Stored data entries
= = = =

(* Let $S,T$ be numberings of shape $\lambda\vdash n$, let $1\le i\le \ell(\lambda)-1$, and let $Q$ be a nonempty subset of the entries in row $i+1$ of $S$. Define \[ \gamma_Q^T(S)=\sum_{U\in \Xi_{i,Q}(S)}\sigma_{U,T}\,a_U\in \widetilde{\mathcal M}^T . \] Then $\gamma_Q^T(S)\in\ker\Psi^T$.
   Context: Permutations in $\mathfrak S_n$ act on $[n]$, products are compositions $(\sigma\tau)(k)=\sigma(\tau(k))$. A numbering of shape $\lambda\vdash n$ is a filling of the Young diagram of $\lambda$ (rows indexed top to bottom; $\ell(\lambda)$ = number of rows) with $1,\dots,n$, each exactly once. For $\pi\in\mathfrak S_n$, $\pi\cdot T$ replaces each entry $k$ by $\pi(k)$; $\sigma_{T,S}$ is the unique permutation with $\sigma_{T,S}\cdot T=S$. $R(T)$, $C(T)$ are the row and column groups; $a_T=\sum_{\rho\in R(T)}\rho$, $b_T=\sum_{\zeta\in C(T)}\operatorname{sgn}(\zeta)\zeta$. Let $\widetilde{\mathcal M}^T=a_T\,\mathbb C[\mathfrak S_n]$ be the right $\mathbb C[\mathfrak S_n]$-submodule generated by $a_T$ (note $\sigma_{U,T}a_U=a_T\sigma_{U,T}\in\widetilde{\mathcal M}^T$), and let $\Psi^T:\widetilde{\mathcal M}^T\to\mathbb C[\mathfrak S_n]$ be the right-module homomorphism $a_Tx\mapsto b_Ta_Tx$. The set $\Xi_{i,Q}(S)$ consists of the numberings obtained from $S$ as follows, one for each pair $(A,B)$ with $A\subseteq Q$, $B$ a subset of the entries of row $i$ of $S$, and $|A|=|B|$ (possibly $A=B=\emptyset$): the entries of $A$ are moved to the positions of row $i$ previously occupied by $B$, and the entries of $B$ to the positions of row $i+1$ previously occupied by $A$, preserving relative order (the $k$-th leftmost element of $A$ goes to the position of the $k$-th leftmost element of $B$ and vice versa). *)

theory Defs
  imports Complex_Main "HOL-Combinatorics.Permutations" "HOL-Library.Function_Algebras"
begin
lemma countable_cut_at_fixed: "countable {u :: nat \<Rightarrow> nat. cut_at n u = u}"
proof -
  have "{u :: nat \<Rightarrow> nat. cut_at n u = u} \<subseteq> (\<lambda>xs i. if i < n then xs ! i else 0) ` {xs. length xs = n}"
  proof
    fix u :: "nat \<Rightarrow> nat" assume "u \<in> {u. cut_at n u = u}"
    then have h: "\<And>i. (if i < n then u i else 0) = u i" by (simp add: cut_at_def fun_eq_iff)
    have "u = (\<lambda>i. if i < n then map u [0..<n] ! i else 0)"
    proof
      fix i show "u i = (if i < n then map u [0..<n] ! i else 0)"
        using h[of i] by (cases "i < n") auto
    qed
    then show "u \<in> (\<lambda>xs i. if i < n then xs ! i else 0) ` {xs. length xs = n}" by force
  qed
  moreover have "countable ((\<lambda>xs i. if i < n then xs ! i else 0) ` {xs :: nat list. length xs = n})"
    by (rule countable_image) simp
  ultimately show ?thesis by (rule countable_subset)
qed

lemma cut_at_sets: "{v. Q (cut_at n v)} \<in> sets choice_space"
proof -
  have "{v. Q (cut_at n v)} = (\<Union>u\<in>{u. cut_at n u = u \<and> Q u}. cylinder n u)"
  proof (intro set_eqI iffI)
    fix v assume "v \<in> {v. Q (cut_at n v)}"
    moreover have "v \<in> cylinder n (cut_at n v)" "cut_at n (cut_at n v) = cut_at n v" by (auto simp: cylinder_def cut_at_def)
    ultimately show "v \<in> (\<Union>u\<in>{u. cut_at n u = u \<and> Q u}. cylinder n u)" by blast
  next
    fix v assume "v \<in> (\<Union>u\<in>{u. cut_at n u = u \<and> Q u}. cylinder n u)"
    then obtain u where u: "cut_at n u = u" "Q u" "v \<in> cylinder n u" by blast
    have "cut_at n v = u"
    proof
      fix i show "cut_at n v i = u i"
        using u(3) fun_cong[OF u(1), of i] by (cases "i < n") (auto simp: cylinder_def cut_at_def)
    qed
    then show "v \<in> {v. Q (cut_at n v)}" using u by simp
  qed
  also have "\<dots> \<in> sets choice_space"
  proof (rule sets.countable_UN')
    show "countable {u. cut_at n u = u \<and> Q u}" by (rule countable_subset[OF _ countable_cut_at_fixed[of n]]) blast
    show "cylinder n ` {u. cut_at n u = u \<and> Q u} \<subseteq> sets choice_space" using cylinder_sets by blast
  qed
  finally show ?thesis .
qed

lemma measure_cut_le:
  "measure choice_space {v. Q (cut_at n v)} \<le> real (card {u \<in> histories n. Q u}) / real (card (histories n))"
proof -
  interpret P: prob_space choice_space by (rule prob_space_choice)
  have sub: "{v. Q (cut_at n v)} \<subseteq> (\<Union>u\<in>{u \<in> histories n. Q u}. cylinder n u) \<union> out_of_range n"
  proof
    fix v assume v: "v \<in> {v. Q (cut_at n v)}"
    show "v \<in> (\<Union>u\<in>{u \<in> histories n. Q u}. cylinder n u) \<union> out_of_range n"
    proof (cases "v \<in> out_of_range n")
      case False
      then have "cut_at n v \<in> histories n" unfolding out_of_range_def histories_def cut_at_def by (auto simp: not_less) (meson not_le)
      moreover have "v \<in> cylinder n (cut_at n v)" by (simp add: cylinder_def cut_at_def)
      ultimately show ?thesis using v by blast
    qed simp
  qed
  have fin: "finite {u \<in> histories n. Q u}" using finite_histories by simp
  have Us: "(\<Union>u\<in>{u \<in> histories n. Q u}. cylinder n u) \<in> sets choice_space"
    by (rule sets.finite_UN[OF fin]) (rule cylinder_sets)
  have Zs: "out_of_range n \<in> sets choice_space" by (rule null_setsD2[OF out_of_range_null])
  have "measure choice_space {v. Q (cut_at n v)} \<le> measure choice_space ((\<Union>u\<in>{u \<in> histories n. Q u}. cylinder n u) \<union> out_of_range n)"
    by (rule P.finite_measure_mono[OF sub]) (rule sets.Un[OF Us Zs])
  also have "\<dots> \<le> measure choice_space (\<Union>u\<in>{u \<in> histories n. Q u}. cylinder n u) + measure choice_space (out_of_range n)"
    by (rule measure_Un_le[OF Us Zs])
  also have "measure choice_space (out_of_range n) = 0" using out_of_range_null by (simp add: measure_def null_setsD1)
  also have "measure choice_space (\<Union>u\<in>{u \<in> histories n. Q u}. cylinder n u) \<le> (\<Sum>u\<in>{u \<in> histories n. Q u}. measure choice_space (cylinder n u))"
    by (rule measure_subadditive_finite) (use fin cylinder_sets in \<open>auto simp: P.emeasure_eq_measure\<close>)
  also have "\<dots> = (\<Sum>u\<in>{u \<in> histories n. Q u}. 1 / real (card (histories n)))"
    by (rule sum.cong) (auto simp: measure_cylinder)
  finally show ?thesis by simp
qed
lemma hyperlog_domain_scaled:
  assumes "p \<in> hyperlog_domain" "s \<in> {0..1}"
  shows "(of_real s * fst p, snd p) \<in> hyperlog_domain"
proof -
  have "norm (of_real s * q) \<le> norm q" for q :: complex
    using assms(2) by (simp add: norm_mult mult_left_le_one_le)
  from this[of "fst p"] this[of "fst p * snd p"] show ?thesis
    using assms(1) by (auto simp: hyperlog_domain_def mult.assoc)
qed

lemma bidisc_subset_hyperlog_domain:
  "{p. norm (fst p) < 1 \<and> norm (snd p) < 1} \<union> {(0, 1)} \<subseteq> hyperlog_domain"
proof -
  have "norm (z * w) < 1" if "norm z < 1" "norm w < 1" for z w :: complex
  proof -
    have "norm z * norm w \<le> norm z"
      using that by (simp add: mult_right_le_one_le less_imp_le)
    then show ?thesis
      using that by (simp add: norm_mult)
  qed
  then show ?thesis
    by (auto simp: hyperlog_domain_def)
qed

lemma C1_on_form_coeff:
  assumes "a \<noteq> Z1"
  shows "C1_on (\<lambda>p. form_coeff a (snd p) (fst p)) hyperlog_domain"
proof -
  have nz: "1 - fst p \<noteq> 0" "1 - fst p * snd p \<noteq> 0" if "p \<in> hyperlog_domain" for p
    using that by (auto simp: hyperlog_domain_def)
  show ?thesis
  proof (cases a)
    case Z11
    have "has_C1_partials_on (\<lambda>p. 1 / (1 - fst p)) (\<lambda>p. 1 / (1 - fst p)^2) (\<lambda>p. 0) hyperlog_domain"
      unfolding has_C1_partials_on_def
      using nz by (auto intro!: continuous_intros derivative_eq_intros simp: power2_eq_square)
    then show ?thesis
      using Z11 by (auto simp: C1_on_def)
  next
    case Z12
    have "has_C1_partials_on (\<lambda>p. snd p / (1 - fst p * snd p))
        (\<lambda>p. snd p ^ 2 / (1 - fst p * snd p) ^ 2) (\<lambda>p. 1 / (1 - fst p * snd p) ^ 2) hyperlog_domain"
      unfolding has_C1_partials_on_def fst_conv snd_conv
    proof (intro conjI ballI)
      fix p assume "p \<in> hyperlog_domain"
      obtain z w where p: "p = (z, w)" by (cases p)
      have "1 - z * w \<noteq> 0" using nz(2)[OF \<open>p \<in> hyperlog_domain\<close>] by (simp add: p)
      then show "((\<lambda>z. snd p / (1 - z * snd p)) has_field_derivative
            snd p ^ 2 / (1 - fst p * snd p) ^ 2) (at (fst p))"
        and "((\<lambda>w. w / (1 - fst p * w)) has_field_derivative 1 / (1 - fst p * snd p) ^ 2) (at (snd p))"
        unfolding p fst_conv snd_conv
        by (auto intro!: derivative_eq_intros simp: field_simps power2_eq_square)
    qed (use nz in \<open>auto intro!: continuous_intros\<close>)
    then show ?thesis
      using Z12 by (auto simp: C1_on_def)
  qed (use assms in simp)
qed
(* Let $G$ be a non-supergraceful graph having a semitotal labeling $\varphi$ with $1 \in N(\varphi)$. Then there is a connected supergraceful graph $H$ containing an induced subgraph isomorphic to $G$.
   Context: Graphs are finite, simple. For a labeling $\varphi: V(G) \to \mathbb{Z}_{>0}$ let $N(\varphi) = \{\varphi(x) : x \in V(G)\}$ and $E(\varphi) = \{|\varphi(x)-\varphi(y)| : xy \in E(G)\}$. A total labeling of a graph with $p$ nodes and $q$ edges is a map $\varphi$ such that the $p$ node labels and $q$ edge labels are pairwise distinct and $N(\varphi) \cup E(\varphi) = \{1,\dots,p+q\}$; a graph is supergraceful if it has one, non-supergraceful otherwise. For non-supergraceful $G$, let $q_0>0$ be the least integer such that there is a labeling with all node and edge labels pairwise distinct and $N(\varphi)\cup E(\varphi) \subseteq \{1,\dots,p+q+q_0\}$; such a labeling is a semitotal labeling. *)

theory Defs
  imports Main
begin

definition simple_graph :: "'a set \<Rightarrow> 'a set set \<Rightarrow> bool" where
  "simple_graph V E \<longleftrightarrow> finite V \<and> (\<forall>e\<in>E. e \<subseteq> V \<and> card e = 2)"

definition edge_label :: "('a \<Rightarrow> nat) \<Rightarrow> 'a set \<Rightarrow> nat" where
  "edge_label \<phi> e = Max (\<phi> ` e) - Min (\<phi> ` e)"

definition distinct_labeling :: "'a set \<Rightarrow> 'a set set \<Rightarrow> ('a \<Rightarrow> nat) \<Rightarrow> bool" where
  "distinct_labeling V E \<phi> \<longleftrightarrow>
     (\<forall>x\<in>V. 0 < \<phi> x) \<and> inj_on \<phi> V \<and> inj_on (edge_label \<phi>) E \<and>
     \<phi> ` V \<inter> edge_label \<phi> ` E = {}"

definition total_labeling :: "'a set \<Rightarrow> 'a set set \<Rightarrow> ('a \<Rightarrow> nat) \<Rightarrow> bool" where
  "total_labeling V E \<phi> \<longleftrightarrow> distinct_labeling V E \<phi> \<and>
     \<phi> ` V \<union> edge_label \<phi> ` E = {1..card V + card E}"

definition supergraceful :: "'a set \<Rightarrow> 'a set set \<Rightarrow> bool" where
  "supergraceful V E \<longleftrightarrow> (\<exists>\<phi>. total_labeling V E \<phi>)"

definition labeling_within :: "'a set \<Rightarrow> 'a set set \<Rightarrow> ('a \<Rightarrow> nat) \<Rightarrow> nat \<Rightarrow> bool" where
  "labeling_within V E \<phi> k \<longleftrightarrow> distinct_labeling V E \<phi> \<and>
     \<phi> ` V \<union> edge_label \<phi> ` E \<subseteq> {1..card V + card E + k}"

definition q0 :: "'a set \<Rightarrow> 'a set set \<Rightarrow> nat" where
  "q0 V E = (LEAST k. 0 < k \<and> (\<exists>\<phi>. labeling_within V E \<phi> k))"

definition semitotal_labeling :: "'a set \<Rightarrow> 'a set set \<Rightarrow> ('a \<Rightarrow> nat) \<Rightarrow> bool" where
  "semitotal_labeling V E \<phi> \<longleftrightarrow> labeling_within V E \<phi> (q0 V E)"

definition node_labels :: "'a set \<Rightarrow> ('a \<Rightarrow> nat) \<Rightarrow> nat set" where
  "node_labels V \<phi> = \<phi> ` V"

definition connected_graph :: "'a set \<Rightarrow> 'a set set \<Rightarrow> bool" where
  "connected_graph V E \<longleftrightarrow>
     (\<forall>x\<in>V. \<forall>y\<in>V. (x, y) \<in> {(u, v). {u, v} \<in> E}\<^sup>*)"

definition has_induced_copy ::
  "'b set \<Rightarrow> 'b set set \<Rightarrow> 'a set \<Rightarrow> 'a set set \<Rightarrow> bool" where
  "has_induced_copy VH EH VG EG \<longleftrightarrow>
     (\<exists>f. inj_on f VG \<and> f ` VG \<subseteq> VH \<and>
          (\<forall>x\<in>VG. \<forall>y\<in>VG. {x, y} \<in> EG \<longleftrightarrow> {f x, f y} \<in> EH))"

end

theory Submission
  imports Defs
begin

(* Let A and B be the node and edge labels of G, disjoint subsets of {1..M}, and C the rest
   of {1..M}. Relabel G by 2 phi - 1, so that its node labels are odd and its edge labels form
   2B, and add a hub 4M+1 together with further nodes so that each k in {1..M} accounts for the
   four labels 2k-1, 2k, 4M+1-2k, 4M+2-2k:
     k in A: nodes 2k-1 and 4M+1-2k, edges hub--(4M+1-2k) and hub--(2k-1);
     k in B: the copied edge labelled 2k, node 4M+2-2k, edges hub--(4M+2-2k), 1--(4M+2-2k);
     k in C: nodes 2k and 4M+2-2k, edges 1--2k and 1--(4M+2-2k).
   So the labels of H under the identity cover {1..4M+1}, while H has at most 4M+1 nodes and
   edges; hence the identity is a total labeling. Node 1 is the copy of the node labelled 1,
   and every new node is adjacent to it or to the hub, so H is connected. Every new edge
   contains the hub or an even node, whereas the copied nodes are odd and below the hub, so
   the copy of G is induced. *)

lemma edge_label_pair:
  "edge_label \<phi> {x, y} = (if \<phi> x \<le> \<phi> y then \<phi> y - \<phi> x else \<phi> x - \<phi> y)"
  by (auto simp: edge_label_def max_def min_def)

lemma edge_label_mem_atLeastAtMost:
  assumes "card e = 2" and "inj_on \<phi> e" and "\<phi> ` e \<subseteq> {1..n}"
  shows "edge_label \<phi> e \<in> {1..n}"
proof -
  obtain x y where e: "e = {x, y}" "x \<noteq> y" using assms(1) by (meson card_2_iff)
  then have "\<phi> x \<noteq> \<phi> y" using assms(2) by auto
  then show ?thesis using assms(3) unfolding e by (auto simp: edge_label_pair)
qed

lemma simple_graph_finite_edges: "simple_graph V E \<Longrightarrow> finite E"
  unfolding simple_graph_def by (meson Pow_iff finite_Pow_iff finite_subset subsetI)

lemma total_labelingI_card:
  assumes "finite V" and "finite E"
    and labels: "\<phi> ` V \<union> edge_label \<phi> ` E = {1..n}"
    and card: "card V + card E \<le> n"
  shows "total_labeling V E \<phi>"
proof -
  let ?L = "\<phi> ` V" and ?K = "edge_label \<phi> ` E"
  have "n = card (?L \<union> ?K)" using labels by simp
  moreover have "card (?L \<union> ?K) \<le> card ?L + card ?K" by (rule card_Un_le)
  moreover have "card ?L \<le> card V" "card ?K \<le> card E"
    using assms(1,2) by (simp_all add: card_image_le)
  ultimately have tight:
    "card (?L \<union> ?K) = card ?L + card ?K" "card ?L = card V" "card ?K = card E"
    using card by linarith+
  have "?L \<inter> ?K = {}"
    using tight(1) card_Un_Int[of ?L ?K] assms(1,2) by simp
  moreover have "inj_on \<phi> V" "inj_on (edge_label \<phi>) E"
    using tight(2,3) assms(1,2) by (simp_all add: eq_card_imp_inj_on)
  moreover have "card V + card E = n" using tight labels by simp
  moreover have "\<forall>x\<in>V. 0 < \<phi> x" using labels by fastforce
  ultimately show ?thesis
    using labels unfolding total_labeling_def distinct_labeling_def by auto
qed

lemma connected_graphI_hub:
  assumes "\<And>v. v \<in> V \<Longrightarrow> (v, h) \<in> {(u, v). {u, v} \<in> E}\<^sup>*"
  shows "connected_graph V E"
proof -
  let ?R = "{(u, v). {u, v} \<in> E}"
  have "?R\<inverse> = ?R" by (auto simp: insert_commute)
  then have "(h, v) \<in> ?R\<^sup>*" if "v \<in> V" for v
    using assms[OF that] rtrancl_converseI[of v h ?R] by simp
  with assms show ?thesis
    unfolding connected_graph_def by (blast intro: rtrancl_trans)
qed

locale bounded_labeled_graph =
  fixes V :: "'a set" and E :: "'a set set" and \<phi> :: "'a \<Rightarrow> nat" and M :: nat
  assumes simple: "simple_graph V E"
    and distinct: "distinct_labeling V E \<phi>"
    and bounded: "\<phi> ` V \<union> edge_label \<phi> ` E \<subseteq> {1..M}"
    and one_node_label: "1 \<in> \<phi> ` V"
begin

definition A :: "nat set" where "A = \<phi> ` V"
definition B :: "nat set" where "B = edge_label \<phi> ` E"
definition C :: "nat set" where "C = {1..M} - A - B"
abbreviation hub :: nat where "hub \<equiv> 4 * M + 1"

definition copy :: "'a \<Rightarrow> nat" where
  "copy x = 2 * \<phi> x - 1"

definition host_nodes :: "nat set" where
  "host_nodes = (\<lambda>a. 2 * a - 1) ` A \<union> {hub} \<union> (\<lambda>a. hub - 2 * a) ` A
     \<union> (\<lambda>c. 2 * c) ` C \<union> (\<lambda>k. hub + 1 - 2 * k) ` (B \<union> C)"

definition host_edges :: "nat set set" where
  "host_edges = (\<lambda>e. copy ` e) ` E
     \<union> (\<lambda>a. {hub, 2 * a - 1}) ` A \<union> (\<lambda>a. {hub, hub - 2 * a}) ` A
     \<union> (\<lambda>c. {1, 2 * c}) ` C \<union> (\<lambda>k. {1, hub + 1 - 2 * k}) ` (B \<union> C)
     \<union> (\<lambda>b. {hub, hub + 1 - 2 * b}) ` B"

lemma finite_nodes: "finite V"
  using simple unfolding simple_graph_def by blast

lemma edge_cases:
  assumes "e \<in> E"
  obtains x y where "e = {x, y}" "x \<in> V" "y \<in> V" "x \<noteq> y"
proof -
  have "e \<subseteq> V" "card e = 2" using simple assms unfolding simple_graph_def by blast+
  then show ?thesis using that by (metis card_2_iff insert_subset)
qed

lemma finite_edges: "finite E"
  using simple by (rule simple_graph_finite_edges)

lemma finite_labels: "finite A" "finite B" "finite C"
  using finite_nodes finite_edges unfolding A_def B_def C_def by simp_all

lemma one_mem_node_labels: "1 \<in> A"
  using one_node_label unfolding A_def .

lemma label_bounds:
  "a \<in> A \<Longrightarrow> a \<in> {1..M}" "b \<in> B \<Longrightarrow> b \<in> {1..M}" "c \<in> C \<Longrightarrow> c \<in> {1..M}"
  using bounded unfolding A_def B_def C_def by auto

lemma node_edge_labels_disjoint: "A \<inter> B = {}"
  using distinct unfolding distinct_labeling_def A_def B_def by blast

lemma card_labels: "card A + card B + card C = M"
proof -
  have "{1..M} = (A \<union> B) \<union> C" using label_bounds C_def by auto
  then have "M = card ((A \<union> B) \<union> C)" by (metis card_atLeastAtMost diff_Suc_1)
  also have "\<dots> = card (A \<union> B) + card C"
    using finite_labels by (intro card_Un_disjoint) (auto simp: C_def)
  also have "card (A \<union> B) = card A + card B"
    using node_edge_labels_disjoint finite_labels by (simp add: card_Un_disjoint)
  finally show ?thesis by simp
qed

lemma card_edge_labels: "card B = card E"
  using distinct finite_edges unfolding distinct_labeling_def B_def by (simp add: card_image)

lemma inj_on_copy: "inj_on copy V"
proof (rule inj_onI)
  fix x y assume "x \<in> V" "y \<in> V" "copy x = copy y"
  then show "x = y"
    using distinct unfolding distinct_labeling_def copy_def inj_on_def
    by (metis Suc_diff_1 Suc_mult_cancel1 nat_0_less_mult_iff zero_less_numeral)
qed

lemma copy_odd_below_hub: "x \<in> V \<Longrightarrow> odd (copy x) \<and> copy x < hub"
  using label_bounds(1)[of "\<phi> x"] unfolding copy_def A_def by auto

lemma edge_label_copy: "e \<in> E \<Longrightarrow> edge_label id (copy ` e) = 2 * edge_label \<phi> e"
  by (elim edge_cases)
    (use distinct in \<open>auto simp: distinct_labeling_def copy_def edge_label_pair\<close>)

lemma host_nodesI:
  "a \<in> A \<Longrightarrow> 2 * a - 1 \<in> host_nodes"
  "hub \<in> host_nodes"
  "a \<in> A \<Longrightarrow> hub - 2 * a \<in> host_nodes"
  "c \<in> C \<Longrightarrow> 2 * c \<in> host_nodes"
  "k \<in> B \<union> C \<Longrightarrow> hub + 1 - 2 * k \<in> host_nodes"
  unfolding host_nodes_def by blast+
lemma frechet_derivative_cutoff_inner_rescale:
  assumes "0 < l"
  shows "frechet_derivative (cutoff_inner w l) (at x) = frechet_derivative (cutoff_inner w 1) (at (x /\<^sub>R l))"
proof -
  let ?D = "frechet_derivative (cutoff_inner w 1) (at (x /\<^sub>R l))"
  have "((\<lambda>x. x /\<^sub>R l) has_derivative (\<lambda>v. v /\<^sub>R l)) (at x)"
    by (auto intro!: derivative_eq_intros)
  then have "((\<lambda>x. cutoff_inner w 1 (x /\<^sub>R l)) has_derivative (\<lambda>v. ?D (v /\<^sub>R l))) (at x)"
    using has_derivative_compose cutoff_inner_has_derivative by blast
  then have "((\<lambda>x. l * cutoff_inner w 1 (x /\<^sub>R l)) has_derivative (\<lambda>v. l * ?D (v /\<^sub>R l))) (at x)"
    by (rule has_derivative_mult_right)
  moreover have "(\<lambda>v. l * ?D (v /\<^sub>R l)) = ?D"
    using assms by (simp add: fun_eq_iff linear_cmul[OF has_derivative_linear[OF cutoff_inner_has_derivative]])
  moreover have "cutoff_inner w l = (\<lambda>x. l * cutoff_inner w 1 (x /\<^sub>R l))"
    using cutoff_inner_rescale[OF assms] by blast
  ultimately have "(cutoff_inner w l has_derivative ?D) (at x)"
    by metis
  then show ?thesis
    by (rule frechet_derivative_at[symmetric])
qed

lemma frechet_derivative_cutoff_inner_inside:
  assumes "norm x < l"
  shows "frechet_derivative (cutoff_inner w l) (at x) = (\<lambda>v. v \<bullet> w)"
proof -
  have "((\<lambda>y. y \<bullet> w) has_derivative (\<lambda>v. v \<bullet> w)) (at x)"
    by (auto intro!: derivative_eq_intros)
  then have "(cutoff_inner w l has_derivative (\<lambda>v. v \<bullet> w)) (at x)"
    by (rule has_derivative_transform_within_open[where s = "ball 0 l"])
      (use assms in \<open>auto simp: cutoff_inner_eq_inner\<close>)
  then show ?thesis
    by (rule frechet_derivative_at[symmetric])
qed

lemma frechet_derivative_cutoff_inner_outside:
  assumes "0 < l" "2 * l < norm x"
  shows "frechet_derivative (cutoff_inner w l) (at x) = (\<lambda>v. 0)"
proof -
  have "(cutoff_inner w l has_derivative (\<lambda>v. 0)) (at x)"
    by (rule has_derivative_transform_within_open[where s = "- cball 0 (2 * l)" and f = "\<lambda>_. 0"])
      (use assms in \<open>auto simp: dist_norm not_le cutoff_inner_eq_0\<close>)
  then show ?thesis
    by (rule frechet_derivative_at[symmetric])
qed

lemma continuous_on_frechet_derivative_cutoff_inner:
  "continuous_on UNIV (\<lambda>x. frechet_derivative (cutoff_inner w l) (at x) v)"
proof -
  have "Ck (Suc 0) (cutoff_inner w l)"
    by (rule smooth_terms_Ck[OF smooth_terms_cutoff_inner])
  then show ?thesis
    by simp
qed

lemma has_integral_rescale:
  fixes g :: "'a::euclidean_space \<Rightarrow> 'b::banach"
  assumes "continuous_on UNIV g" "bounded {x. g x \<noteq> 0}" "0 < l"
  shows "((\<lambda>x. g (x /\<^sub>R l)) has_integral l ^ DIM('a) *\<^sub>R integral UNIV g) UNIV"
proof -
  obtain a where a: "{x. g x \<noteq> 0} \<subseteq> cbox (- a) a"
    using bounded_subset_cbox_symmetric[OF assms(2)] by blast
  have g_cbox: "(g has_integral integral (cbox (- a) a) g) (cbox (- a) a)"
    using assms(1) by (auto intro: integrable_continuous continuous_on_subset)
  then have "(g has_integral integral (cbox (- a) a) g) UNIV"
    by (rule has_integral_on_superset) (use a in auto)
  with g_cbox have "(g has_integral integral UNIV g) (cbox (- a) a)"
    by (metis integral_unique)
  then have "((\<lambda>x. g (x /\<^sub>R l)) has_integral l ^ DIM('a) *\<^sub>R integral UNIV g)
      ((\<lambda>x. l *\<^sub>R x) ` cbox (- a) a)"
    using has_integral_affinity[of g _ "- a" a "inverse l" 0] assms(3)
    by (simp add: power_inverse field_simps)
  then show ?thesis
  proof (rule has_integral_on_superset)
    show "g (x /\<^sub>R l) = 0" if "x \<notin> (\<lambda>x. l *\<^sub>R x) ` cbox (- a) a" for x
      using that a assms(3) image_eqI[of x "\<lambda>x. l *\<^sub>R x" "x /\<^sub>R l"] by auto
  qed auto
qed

= = = =

Look above for the line with "(\<forall>x\<in>V. \<forall>y\<in>V. (x, y)" and the line with "k in A: nodes". Retype those two lines and every line between them exactly, adding nothing.

RESULT OF THIS EXERCISE -
     (\<forall>x\<in>V. \<forall>y\<in>V. (x, y) \<in> {(u, v). {u, v} \<in> E}\<^sup>*)"

definition has_induced_copy ::
  "'b set \<Rightarrow> 'b set set \<Rightarrow> 'a set \<Rightarrow> 'a set set \<Rightarrow> bool" where
  "has_induced_copy VH EH VG EG \<longleftrightarrow>
     (\<exists>f. inj_on f VG \<and> f ` VG \<subseteq> VH \<and>
          (\<forall>x\<in>VG. \<forall>y\<in>VG. {x, y} \<in> EG \<longleftrightarrow> {f x, f y} \<in> EH))"

end

theory Submission
  imports Defs
begin

(* Let A and B be the node and edge labels of G, disjoint subsets of {1..M}, and C the rest
   of {1..M}. Relabel G by 2 phi - 1, so that its node labels are odd and its edge labels form
   2B, and add a hub 4M+1 together with further nodes so that each k in {1..M} accounts for the
   four labels 2k-1, 2k, 4M+1-2k, 4M+2-2k:
     k in A: nodes 2k-1 and 4M+1-2k, edges hub--(4M+1-2k) and hub--(2k-1);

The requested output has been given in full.